FIGURE 2. — **Altered morphology, adhesion, and spreading of PTP-PEST-deficient endothelial cells.** A, light microscopy analysis of primary endothelial cells from tamoxifen-fed *Ptpn12*^+/+;*UBC-Cre-ERT2*⁺ (control (*CTRL*)) or tamoxifen-fed *Ptpn12*^fl/fl;*UBC-Cre-ERT2*⁺ (KO) mice. Data are representative of at least 10 experiments. B, the ability of control and KO endothelial cells to adhere to plastic coated with BSA, fibronectin, or collagen was analyzed. After the reaction was stopped, cells were stained with crystal violet. Low magnification photographs of representative wells are shown on the *left*. On the *right*, a microplate scanning spectrometer was used to quantitate the intensity of staining with crystal violet by measuring the optical density (OD) at 562 nm. *Error bars* representing standard deviations of triplicates with mean values and p values are shown. Data are representative of six (fibronectin) or three (collagen) experiments. C, spreading of endothelial cells was analyzed using fibronectin- or collagen-coated glass coverslips. *Left*, representative cells are shown. *White arrows* represent cells that have undergone spreading. *Right*, the percentages of cells (from 10 independent fields) showing full spreading are indicated. *Error bars* representing standard deviations with mean values and p values are shown. Data are representative of four experiments.

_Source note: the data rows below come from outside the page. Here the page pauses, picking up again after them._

lemma no_tight_configuration: False
proof -
  consider
      (no_dQ_even) "type_count 1 2 = 0" "type_count 1 3 = 5" "type_count 1 4 = 0"
        "type_count 2 1 = 4" "type_count 2 2 = 0"
    | (one_1_2_block) "type_count 1 2 = 1" "type_count 1 3 = 4" "type_count 1 4 = 0"
        "type_count 2 1 = 3" "type_count 2 2 = 1"
    | (one_1_4_block) "type_count 1 2 = 2" "type_count 1 3 = 2" "type_count 1 4 = 1"
        "type_count 2 1 = 3" "type_count 2 2 = 1"
    using type_profiles by fastforce
  then show False
  proof cases
    case no_dQ_even
    have "odd (dQ b)" if "b \<in> L" for b
      using type_count_pos[of b] dP_range[of b] dQ_range[of b] that type_count_zero no_dQ_even by auto
    moreover have "(\<Sum>b\<in>L. dQ b * (dQ b - 1)) = 30"
      using sum_by_types[of "\<lambda>_ j. j * (j - 1)"] type_count_zero type_count_3_1 no_dQ_even by simp
    ultimately show False
      by (rule no_tight_profile_with_odd_dQ)
  next
    case one_1_2_block
    have "(\<Sum>b\<in>L. dP b * dQ b) = 30"
      using sum_by_types[of "\<lambda>i j. i * j"] type_count_zero type_count_3_1 one_1_2_block by simp
    with one_1_2_block show False
      by (intro no_tight_profile_with_one_1_2_block) simp_all
  next
    case one_1_4_block
    have "(\<Sum>b\<in>L. dP b * dQ b) = 30" "(\<Sum>b\<in>L. dQ b * (dQ b - 1)) = 30"
      using sum_by_types[of "\<lambda>i j. i * j"] sum_by_types[of "\<lambda>_ j. j * (j - 1)"]
        type_count_zero type_count_3_1 one_1_4_block by simp_all
    with one_1_4_block show False
      by (intro no_tight_profile_with_one_1_4_block)
  qed
qed

end

section \<open>Sizeable graphs\<close>

locale finite_sizeable =
  fixes V :: "'a set" and E :: "'a \<Rightarrow> 'a \<Rightarrow> bool" and A B A0 A1 B0 B1 :: "'a set"
  assumes finite_V: "finite V"
    and simple: "simple_graph V E" and bipartite: "bipartite_on V E A B" and C4_free: "\<not> has_4_cycle E"
    and nonempty: "A0 \<noteq> {}" "A1 \<noteq> {}" "B0 \<noteq> {}" "B1 \<noteq> {}"
    and split_A: "A0 \<inter> A1 = {}" "A0 \<union> A1 = A"
    and split_B: "B0 \<inter> B1 = {}" "B0 \<union> B1 = B"
    and connected: "induced_connected E (A0 \<union> B0)" "induced_connected E (A0 \<union> B1)"
      "induced_connected E (A1 \<union> B0)" "induced_connected E (A1 \<union> B1)"
begin

lemma finite_A [simp]: "finite A" and finite_B [simp]: "finite B"
  using finite_V bipartite finite_subset unfolding bipartite_on_def by blast+

lemma finite_parts [simp]: "finite A0" "finite A1" "finite B0" "finite B1"
  using finite_A finite_B split_A split_B by (metis finite_Un)+

lemma card_V: "card V = card A + card B"
  using bipartite card_Un_disjoint[OF finite_A finite_B] unfolding bipartite_on_def by simp

lemma card_A: "card A = card A0 + card A1" and card_B: "card B = card B0 + card B1"
  using split_A split_B card_Un_disjoint by (metis finite_parts)+

lemma partial_linear: "partial_linear_space X (neighbours E)"
  using C4_free_partial_linear_space[OF simple C4_free] .

lemma neighbours_meet_A0: "b \<in> B \<Longrightarrow> neighbours E b \<inter> A0 \<noteq> {}"
  and neighbours_meet_A1: "b \<in> B \<Longrightarrow> neighbours E b \<inter> A1 \<noteq> {}"
  using bipartite_connected_neighbour[OF bipartite _ _ _ connected(1)]
    bipartite_connected_neighbour[OF bipartite _ _ _ connected(2)]
    bipartite_connected_neighbour[OF bipartite _ _ _ connected(3)]
    bipartite_connected_neighbour[OF bipartite _ _ _ connected(4)]
    nonempty split_A split_B by blast+
(* Let $f:\mathbb{R}^d\to\mathbb{R}$ be convex, symmetric and sign invariant, $g(w,x)=f_\sigma(wx^\top-\bar w\bar x^\top)$, and suppose there is $\kappa>0$ with $$g(w,x)-g(\bar w,\bar x)\ge\kappa\|wx^\top-\bar w\bar x^\top\|_F\quad\text{for all }(w,x)\in\mathbb{R}^{d_1}\times\mathbb{R}^{d_2}.$$ Then for every $(w,x)$ with $wx^\top\ne\bar w\bar x^\top$ and every $Y\in\partial f_\sigma(wx^\top-\bar w\bar x^\top)$, $\sigma_1(Y)+\sigma_2(Y)\ge\kappa$.
   Context: Let $d=\min\{d_1,d_2\}$ and $\sigma:\mathbb{R}^{d_1\times d_2}\to\mathbb{R}^d_+$ give singular values in nonincreasing order (with $\sigma_2:=0$ if $d=1$). $f$ is symmetric if $f(\pi s)=f(s)$ for all permutation matrices $\pi$, sign invariant if $f(Ds)=f(s)$ for all diagonal $D$ with entries in $\{\pm1\}$; $f_\sigma=f\circ\sigma$ is then convex and $\partial f_\sigma$ is its convex subdifferential. $\bar w\in\mathbb{R}^{d_1}$, $\bar x\in\mathbb{R}^{d_2}$ are fixed; $\|\cdot\|_F$ is the Frobenius norm. *)

theory Defs
  imports "HOL-Analysis.Analysis"
begin

definition idx :: "'a::finite \<Rightarrow> nat" where
  "idx = (SOME h. bij_betw h (UNIV::'a set) {..<CARD('a)})"

definition is_singvals :: "real^'n::finite^'m::finite \<Rightarrow> (nat \<Rightarrow> real) \<Rightarrow> bool" where
  "is_singvals A s \<longleftrightarrow>
     (\<forall>k. 0 \<le> s k) \<and> (\<forall>k. s (Suc k) \<le> s k) \<and>
     (\<forall>k\<ge>min CARD('m) CARD('n). s k = 0) \<and>
     (\<exists>(U::real^'m^'m) (V::real^'n^'n).
        orthogonal_matrix U \<and> orthogonal_matrix V \<and>
        A = U ** (\<chi> i j. if idx i = idx j then s (idx i) else 0) ** transpose V)"

(* singvals A k = sigma_{k+1}(A)  (0-indexed); equals 0 for k >= d *)
definition singvals :: "real^'n::finite^'m::finite \<Rightarrow> nat \<Rightarrow> real" where
  "singvals A = (THE s. is_singvals A s)"

(* sigma : R^{d1 x d2} -> R^d, with the type 'd of cardinality d = min d1 d2 *)
definition sigma_vec :: "real^'n::finite^'m::finite \<Rightarrow> real^'d::finite" where
  "sigma_vec A = (\<chi> i. singvals A (idx i))"

definition symmetric_fun :: "(real^'d::finite \<Rightarrow> real) \<Rightarrow> bool" where
  "symmetric_fun f \<longleftrightarrow> (\<forall>p s. p permutes (UNIV::'d set) \<longrightarrow> f (\<chi> i. s $ p i) = f s)"

definition sign_invariant :: "(real^'d::finite \<Rightarrow> real) \<Rightarrow> bool" where
  "sign_invariant f \<longleftrightarrow> (\<forall>e s. (\<forall>i. e i = 1 \<or> e i = -1) \<longrightarrow> f (\<chi> i. e i * s $ i) = f s)"

(* convex subdifferential, w.r.t. the trace (Frobenius) inner product *)
definition subdiff :: "('a::real_inner \<Rightarrow> real) \<Rightarrow> 'a \<Rightarrow> 'a set" where
  "subdiff F X = {Y. \<forall>Z. F Z \<ge> F X + inner Y (Z - X)}"

definition outer :: "real^'m::finite \<Rightarrow> real^'n::finite \<Rightarrow> real^'n^'m" where
  "outer w x = (\<chi> i j. w $ i * x $ j)"

end

theory Submission
  imports Defs "HOL-Computational_Algebra.Polynomial"
begin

Once cells adhere to an integrin ligand-coated surface, they undergo integrin-dependent signaling events that lead to cell spreading. In light of this, the ability of endothelial cells to spread in response to integrin ligands was evaluated (Fig. 2C). Cells were added to fibronectin- or collagen-coated glass coverslips. After 90 min, non-adherent cells were washed away, and spreading of the remaining adherent cells was assessed. Whereas PTP-PEST-deficient cells exhibited less frequent adhesion than control cells, they underwent more frequent spreading (Fig. 2C).

Therefore, PTP-PEST was critical for integrin-mediated adhesion of endothelial cells. It also regulated endothelial cell spreading.

PTP-PEST Is Not Required for Integrity of Endothelial Cell-Cell Junctions

Endothelial wall integrity in the embryo and postnatal life is maintained by close contacts between endothelial cells (20–22). This is mediated in large part by VE-cadherin, a self-binding endothelial cell-specific member of the cadherin family of adhesion molecules. Given the impact of PTP-PEST on integrin-mediated adhesion noted above, we also examined the role of PTP-PEST in endothelial cell permeability. To this end, we first stained primary endothelial cells expressing or not expressing PTP-PEST with antibodies against VE-cadherin, which identifies cell-cell junctions (Fig. 3A). Staining was then detected by confocal microscopy. As was the case for control cells, PTP-PEST-deficient cells exhibited staining with anti-VE-cadherin antibodies at the cell surface. Although cell sizes and shapes were distinct between the two cell populations, the anti-VE-cadherin antibody-decorated intercellular junctions did not seem to be appreciably affected by PTP-PEST deficiency.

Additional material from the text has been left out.